→ Task objective:
Copy the records below verbatim, from the first line through the line containing "n2 dvd n \<and>", inclusive, and output nothing else.

→ Listed entries:

(* Let $A \in \{0,1\}^{n \times n}$ be a uniformly random binary matrix (entries i.i.d. taking values $0$ and $1$ with probability $1/2$ each). Then \[ \mathbb{P}[A \text{ is factorizable}] \leq \sum_{(n_1,n_2) \in \mathcal{C}} \frac{2^{n_1^2+n_2^2}}{2^{n^2}}, \] where $\mathcal{C}$ is the set of compatible pairs for $n$.
   Context: A compatible pair for $n$ is a pair of integers $(n_1,n_2)$ with $n_1,n_2$ positive divisors of $n$, $n_1,n_2\notin\{1,n\}$, and $n_1n_2=n$. A binary matrix $A\in\{0,1\}^{n\times n}$ is factorizable (decomposable) if there exist $\ell>1$ and matrices $A_i\in\{0,1\}^{n_i\times n_i}$ with $n_i>1$ such that $A=A_1\otimes\cdots\otimes A_\ell$, where the Kronecker product uses Boolean arithmetic ($1+1=1$). *)

theory Defs
  imports "HOL-Probability.Probability"
begin

text \<open>Binary n x n matrices are modelled as Boolean-valued functions on index pairs,
  extensional: entries outside {0..<n} x {0..<n} are False. True = 1, False = 0.\<close>

type_synonym bmat = "nat \<Rightarrow> nat \<Rightarrow> bool"

definition bmats :: "nat \<Rightarrow> bmat set" where
  "bmats n = {A. \<forall>i j. (n \<le> i \<or> n \<le> j) \<longrightarrow> \<not> A i j}"

definition bkron :: "nat \<Rightarrow> nat \<Rightarrow> bmat \<Rightarrow> bmat \<Rightarrow> bmat" where
  "bkron m p A B = (\<lambda>i j. i < m * p \<and> j < m * p \<and>
      A (i div p) (j div p) \<and> B (i mod p) (j mod p))"

fun bkron_list :: "(nat \<times> bmat) list \<Rightarrow> bmat" where
  "bkron_list [] = (\<lambda>i j. i = 0 \<and> j = 0)"
| "bkron_list ((k, A) # fs) = bkron k (prod_list (map fst fs)) A (bkron_list fs)"

definition factorizable :: "nat \<Rightarrow> bmat \<Rightarrow> bool" where
  "factorizable n A \<longleftrightarrow> (\<exists>fs. length fs > 1 \<and>
      (\<forall>(k, B) \<in> set fs. k > 1 \<and> B \<in> bmats k) \<and>
      prod_list (map fst fs) = n \<and> A = bkron_list fs)"

definition compatible_pairs :: "nat \<Rightarrow> (nat \<times> nat) set" where
  "compatible_pairs n = {(n1, n2). n1 > 0 \<and> n2 > 0 \<and> n1 dvd n \<and> n2 dvd n \<and>
      n1 \<notin> {1, n} \<and> n2 \<notin> {1, n} \<and> n1 * n2 = n}"

end

theory Submission
  imports Defs
begin

text \<open>Every factorization \<open>A = A\<^sub>1 \<otimes> A\<^sub>2 \<otimes> \<dots> \<otimes> A\<^sub>\<ell>\<close> groups as \<open>A\<^sub>1 \<otimes> (A\<^sub>2 \<otimes> \<dots> \<otimes> A\<^sub>\<ell>)\<close>, a product
  of two factors whose sizes form a compatible pair \<open>(n\<^sub>1, n\<^sub>2)\<close> for \<open>n\<close>. Hence the factorizable
  matrices lie in the union, over compatible pairs, of the images of
  \<open>bmats n\<^sub>1 \<times> bmats n\<^sub>2\<close> under the Kronecker product, a set of at most
  \<open>\<Sum> 2^(n\<^sub>1\<^sup>2 + n\<^sub>2\<^sup>2)\<close> elements among the \<open>2^(n\<^sup>2)\<close> equally likely matrices.\<close>

lemma bmats_eq_image_Pow:
  "bmats n = (\<lambda>S i j. (i, j) \<in> S) ` Pow ({..<n} \<times> {..<n})"
proof (intro equalityI subsetI)
  fix A assume "A \<in> bmats n"
  then have "{(i, j). A i j} \<in> Pow ({..<n} \<times> {..<n})"
    unfolding bmats_def by (auto simp: not_le[symmetric])
  moreover have "A = (\<lambda>i j. (i, j) \<in> {(i, j). A i j})" by simp
  ultimately show "A \<in> (\<lambda>S i j. (i, j) \<in> S) ` Pow ({..<n} \<times> {..<n})" by blast
qed (auto simp: bmats_def)

lemma inj_on_set_to_bmat: "inj_on (\<lambda>S i j. (i, j) \<in> S) X"
  by (rule inj_onI) (metis pred_equals_eq2)

lemma finite_bmats: "finite (bmats n)"
  unfolding bmats_eq_image_Pow by simp

lemma card_bmats: "card (bmats n) = 2 ^ (n\<^sup>2)"
  unfolding bmats_eq_image_Pow card_image[OF inj_on_set_to_bmat]
  by (simp add: card_Pow card_cartesian_product power2_eq_square)

lemma bmats_nonempty: "bmats n \<noteq> {}"
  unfolding bmats_def by auto

lemma bkron_in_bmats: "bkron m p A B \<in> bmats (m * p)"
  unfolding bmats_def bkron_def by auto

lemma bkron_list_in_bmats: "bkron_list fs \<in> bmats (prod_list (map fst fs))"
  by (cases fs) (auto simp: bmats_def bkron_def)

lemma one_less_prod_list:
  fixes xs :: "nat list"
  assumes "\<forall>x\<in>set xs. 1 < x" and "xs \<noteq> []"
  shows "1 < prod_list xs"
  using assms
proof (induction xs)
  case (Cons x xs)
  then show ?case
    by (cases "xs = []") (auto intro: one_less_mult)
qed simp

lemma compatible_pair_mult:
  assumes "1 < a" and "1 < b"
  shows "(a, b) \<in> compatible_pairs (a * b)"
  using assms unfolding compatible_pairs_def by auto

lemma finite_compatible_pairs: "finite (compatible_pairs n)"
proof (rule finite_subset)
  show "compatible_pairs n \<subseteq> {..n} \<times> {..n}"
    unfolding compatible_pairs_def by (auto intro: dvd_imp_le)
qed simp

lemma factorizable_imp_bkron:
  assumes "factorizable n A"
  obtains n1 n2 B C where "(n1, n2) \<in> compatible_pairs n"
    and "B \<in> bmats n1" and "C \<in> bmats n2" and "A = bkron n1 n2 B C"
proof -
  from assms obtain fs where len: "length fs > 1"
    and factors: "\<forall>(k, B) \<in> set fs. k > 1 \<and> B \<in> bmats k"
    and size: "prod_list (map fst fs) = n" and A: "A = bkron_list fs"
    unfolding factorizable_def by blast
  then obtain k B rest where fs: "fs = (k, B) # rest" and "rest \<noteq> []"
    by (cases fs) auto
  define m where "m = prod_list (map fst rest)"
  have "1 < k" and "B \<in> bmats k"
    using factors fs by auto
  moreover have "1 < m"
    unfolding m_def using factors fs \<open>rest \<noteq> []\<close> by (intro one_less_prod_list) auto
  ultimately show thesis
    using that[of k m B "bkron_list rest"] compatible_pair_mult[of k m]
      bkron_list_in_bmats[of rest] size A fs
    by (simp add: m_def)
qed

lemma factorizable_subset_Union_bkron:
  "{A. factorizable n A} \<subseteq>
     (\<Union>(n1, n2)\<in>compatible_pairs n. case_prod (bkron n1 n2) ` (bmats n1 \<times> bmats n2))"
  by (force elim: factorizable_imp_bkron)

lemma card_factorizable_le:
  "card {A \<in> bmats n. factorizable n A}
     \<le> (\<Sum>(n1, n2)\<in>compatible_pairs n. 2 ^ (n1\<^sup>2 + n2\<^sup>2))"
proof -
  let ?U = "\<Union>(n1, n2)\<in>compatible_pairs n. case_prod (bkron n1 n2) ` (bmats n1 \<times> bmats n2)"
  have "card {A \<in> bmats n. factorizable n A} \<le> card ?U"
    using factorizable_subset_Union_bkron[of n]
    by (intro card_mono) (auto simp: finite_compatible_pairs finite_bmats)
  also have "\<dots> \<le> (\<Sum>(n1, n2)\<in>compatible_pairs n. card (case_prod (bkron n1 n2) ` (bmats n1 \<times> bmats n2)))"
    using card_UN_le[OF finite_compatible_pairs] by (simp add: case_prod_beta')
  also have "\<dots> \<le> (\<Sum>(n1, n2)\<in>compatible_pairs n. card (bmats n1 \<times> bmats n2))"
    by (intro sum_mono, clarify, rule card_image_le) (simp add: finite_bmats)
  also have "\<dots> = (\<Sum>(n1, n2)\<in>compatible_pairs n. 2 ^ (n1\<^sup>2 + n2\<^sup>2))"
    by (intro sum.cong) (auto simp: card_cartesian_product card_bmats power_add)
  finally show ?thesis .
qed

theorem lemma2:
  fixes n :: nat
  shows "measure_pmf.prob (pmf_of_set (bmats n)) {A. factorizable n A}
         \<le> (\<Sum>(n1, n2)\<in>compatible_pairs n. 2 ^ (n1^2 + n2^2) / 2 ^ (n^2) :: real)"
proof -
  have "measure_pmf.prob (pmf_of_set (bmats n)) {A. factorizable n A}
      = card {A \<in> bmats n. factorizable n A} / 2 ^ (n\<^sup>2)"
    by (simp add: measure_pmf_of_set bmats_nonempty finite_bmats card_bmats Collect_conj_eq)
  also have "\<dots> \<le> (\<Sum>(n1, n2)\<in>compatible_pairs n. 2 ^ (n1\<^sup>2 + n2\<^sup>2)) / 2 ^ (n\<^sup>2)"
  proof (rule divide_right_mono)
    show "real (card {A \<in> bmats n. factorizable n A})
        \<le> (\<Sum>(n1, n2)\<in>compatible_pairs n. 2 ^ (n1\<^sup>2 + n2\<^sup>2))"
      using card_factorizable_le[of n, THEN of_nat_mono[where 'a = real]]
      by (simp add: of_nat_sum case_prod_beta')
  qed simp
  also have "\<dots> = (\<Sum>(n1, n2)\<in>compatible_pairs n. 2 ^ (n1\<^sup>2 + n2\<^sup>2) / 2 ^ (n\<^sup>2))"
    by (simp add: sum_divide_distrib case_prod_beta')
  finally show ?thesis .
qed

end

→ Result:
(* Let $A \in \{0,1\}^{n \times n}$ be a uniformly random binary matrix (entries i.i.d. taking values $0$ and $1$ with probability $1/2$ each). Then \[ \mathbb{P}[A \text{ is factorizable}] \leq \sum_{(n_1,n_2) \in \mathcal{C}} \frac{2^{n_1^2+n_2^2}}{2^{n^2}}, \] where $\mathcal{C}$ is the set of compatible pairs for $n$.
   Context: A compatible pair for $n$ is a pair of integers $(n_1,n_2)$ with $n_1,n_2$ positive divisors of $n$, $n_1,n_2\notin\{1,n\}$, and $n_1n_2=n$. A binary matrix $A\in\{0,1\}^{n\times n}$ is factorizable (decomposable) if there exist $\ell>1$ and matrices $A_i\in\{0,1\}^{n_i\times n_i}$ with $n_i>1$ such that $A=A_1\otimes\cdots\otimes A_\ell$, where the Kronecker product uses Boolean arithmetic ($1+1=1$). *)

theory Defs
  imports "HOL-Probability.Probability"
begin

text \<open>Binary n x n matrices are modelled as Boolean-valued functions on index pairs,
  extensional: entries outside {0..<n} x {0..<n} are False. True = 1, False = 0.\<close>

type_synonym bmat = "nat \<Rightarrow> nat \<Rightarrow> bool"

definition bmats :: "nat \<Rightarrow> bmat set" where
  "bmats n = {A. \<forall>i j. (n \<le> i \<or> n \<le> j) \<longrightarrow> \<not> A i j}"

definition bkron :: "nat \<Rightarrow> nat \<Rightarrow> bmat \<Rightarrow> bmat \<Rightarrow> bmat" where
  "bkron m p A B = (\<lambda>i j. i < m * p \<and> j < m * p \<and>
      A (i div p) (j div p) \<and> B (i mod p) (j mod p))"

fun bkron_list :: "(nat \<times> bmat) list \<Rightarrow> bmat" where
  "bkron_list [] = (\<lambda>i j. i = 0 \<and> j = 0)"
| "bkron_list ((k, A) # fs) = bkron k (prod_list (map fst fs)) A (bkron_list fs)"

definition factorizable :: "nat \<Rightarrow> bmat \<Rightarrow> bool" where
  "factorizable n A \<longleftrightarrow> (\<exists>fs. length fs > 1 \<and>
      (\<forall>(k, B) \<in> set fs. k > 1 \<and> B \<in> bmats k) \<and>
      prod_list (map fst fs) = n \<and> A = bkron_list fs)"

definition compatible_pairs :: "nat \<Rightarrow> (nat \<times> nat) set" where
  "compatible_pairs n = {(n1, n2). n1 > 0 \<and> n2 > 0 \<and> n1 dvd n \<and> n2 dvd n \<and>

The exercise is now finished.